By the eighteenth century a political organization, known as the millet, managed the affairs of their respective religious communities and developed into the protégé system (beratlılar, protected persons). Signing treaties with European powers, from the 1673 signing of a Capitulation with France, the Ottoman Empire granted France control of certain Ottoman Christians, Austria control of some Ottoman Roman Catholics, most favoured nation status to British and Dutch traders, as well as specific rights to the Republic of Venice and Russian Empire. Under the terms of these treaties, foreign powers could recruit Ottoman subjects to serve their needs as commercial agents, consuls, or interpreters, and extend to these protégés diplomatic immunity from prosecution and privileges of trade, including lowered customs tariffs. Over time, abuses of the system led to a virtual monopoly of foreign trade by protégés, clandestine sales of letters patent (berats), and demands from foreign powers for protection to extend from individuals to entire communities. The influence on Ottoman subjects by European powers changed the perception of these minority groups in the empire, meaning that they were increasingly seen not as Ottoman subjects, but as resident aliens. In 1798, France and Britain's conflicts during the Napoleonic Wars extended into Egypt. France occupied the territory until 1801, when the French were defeated and Britain set about assisting the Ottoman Empire in regaining its sovereignty.

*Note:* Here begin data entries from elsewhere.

theorem mainTheorem5:
  fixes f g q :: "'a::{field,finite} poly"
    and \<phi> :: "'a \<Rightarrow> 'b::field"
    and \<alpha> :: 'b
  assumes "coprime f g"
    and "lead_coeff q = 1" and "irreducible q"
    and "frak_p q g f \<noteq> 0"
    and "is_splitting_field \<phi> q"
    and "poly (map_poly \<phi> q) \<alpha> = 0"
  shows "irreducible (frak_p q g f) \<longleftrightarrow> irreducible (map_poly \<phi> f - smult \<alpha> (map_poly \<phi> g))"
proof -
  have "field_hom \<phi>"
    using assms(5) field_embedding_imp_field_hom unfolding is_splitting_field_def by blast
  then interpret finite_field_extension \<phi> "\<lambda>k x. x ^ CARD('a) ^ k"
    by (simp add: finite_field_extension_def)
  note descent = degree_q_pos[OF assms(3,2,6)] frob_degree_eq_id[OF assms(3,2,6,5)]
    map_poly_frak_p_eq_poly_norm[OF assms(3,2,6), symmetric]
  show ?thesis
    using irreducible_of_irreducible_descended_norm[OF descent]
      irreducible_descended_norm[OF descent _ coprime_conjugate_pencils[OF assms(3,2,6,1)]]
    by blast
qed

end
definition poa_certificate :: "real \<Rightarrow> real \<Rightarrow> real \<Rightarrow> real \<Rightarrow> real \<Rightarrow> real \<Rightarrow> real \<Rightarrow> real \<Rightarrow> bool" where
  "poa_certificate x y D N m1 m2 m3 m4 \<longleftrightarrow> 0 < D \<and> 0 \<le> m1 \<and> 0 \<le> m2 \<and> 0 \<le> m3 \<and> 0 \<le> m4 \<and>
     (\<forall>a1\<in>{0,1}. \<forall>a2\<in>{0,1}. \<forall>b1\<in>{0,1}. \<forall>b2\<in>{0,1}. \<forall>\<alpha>\<ge>0. \<forall>\<beta>\<ge>0.
        resource_combination x y D N m1 m2 m3 m4 a1 a2 b1 b2 \<alpha> \<beta> \<le> 0)"

lemma social_cost_le_by_certificate:
  assumes cert: "poa_certificate x y D N m1 m2 m3 m4"
    and game: "sym_game R \<alpha> \<beta> Acts" and NE: "is_NE x y \<alpha> \<beta> Acts (A1, A2)"
    and B: "B1 \<in> Acts" "B2 \<in> Acts"
  shows "D * social_cost x y \<alpha> \<beta> (A1, A2) \<le> N * social_cost x y \<alpha> \<beta> (B1, B2)"
proof -
  have R: "finite R" "\<forall>a\<in>Acts. a \<subseteq> R" "\<forall>r\<in>R. \<alpha> r \<ge> 0 \<and> \<beta> r \<ge> 0"
    using game by (auto simp: sym_game_def)
  have sub: "A1 \<subseteq> R" "A2 \<subseteq> R" "B1 \<subseteq> R" "B2 \<subseteq> R" using NE B R(2) by (auto simp: is_NE_def)
  have "(\<Sum>r\<in>R. resource_combination x y D N m1 m2 m3 m4 (indicator A1 r) (indicator A2 r)
            (indicator B1 r) (indicator B2 r) (\<alpha> r) (\<beta> r)) \<le> 0"
    using cert R(3) by (intro sum_nonpos) (simp add: poa_certificate_def indicator_def)
  moreover have "0 \<le> m1 * (cost1 x y \<alpha> \<beta> (B1, A2) - cost1 x y \<alpha> \<beta> (A1, A2))"
    "0 \<le> m2 * (cost1 x y \<alpha> \<beta> (B2, A2) - cost1 x y \<alpha> \<beta> (A1, A2))"
    "0 \<le> m3 * (cost2 x y \<alpha> \<beta> (A1, B1) - cost2 x y \<alpha> \<beta> (A1, A2))"
    "0 \<le> m4 * (cost2 x y \<alpha> \<beta> (A1, B2) - cost2 x y \<alpha> \<beta> (A1, A2))"
    using cert NE B by (simp_all add: poa_certificate_def is_NE_def)
  ultimately show ?thesis unfolding sum_resource_combination[OF R(1) sub] by linarith
qed

lemma poa_instance_le_by_certificate:
  assumes cert: "poa_certificate x y D N m1 m2 m3 m4"
    and game: "sym_game R \<alpha> \<beta> Acts" and opt: "0 < opt_cost x y \<alpha> \<beta> Acts"
  shows "poa_instance x y \<alpha> \<beta> Acts \<le> ereal (N / D)"
  unfolding poa_instance_def
proof (rule Sup_least, clarify)
  fix A1 A2 assume NE: "is_NE x y \<alpha> \<beta> Acts (A1, A2)"
  have "opt_cost x y \<alpha> \<beta> Acts \<in> social_cost x y \<alpha> \<beta> ` (Acts \<times> Acts)"
    unfolding opt_cost_def using game by (intro Min_in) (auto simp: sym_game_def)
  then obtain B1 B2 where "B1 \<in> Acts" "B2 \<in> Acts"
    and optB: "opt_cost x y \<alpha> \<beta> Acts = social_cost x y \<alpha> \<beta> (B1, B2)" by auto
  then have "D * social_cost x y \<alpha> \<beta> (A1, A2) \<le> N * opt_cost x y \<alpha> \<beta> Acts"
    using social_cost_le_by_certificate[OF cert game NE] by simp
  moreover have "0 < D" using cert by (simp add: poa_certificate_def)
  ultimately show "ereal (social_cost x y \<alpha> \<beta> (A1, A2) / opt_cost x y \<alpha> \<beta> Acts) \<le> ereal (N / D)"
    using opt by (simp add: divide_le_eq le_divide_eq field_simps)
qed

To curb the disruptive effects of Europeans in the empire, from 1806, the Ottoman government began sending communiques to the foreign embassies demanding compliance with the terms of their agreements. Ottoman control was re-established in Libya by 1835 and they implemented policies to control the authority of tribal chiefs in the territory. Failing to achieve success diplomatically, in 1839, the Ottoman government issued the Edict of Gülhane, in an effort to end bribery and corruption, and to create fair tax schemes and institutions to protect the basic rights of Ottoman subjects. The Ottoman Reform Edict of 1856 (Islâhat Fermânı) categorized subjects by whether they were Muslim or non-Muslim, granting different civil statuses to each. In 1863, new regulations upon protégés restricted the privileges they received in the empire and clarifying who were thereafter considered to be Ottoman subjects and who were foreigners.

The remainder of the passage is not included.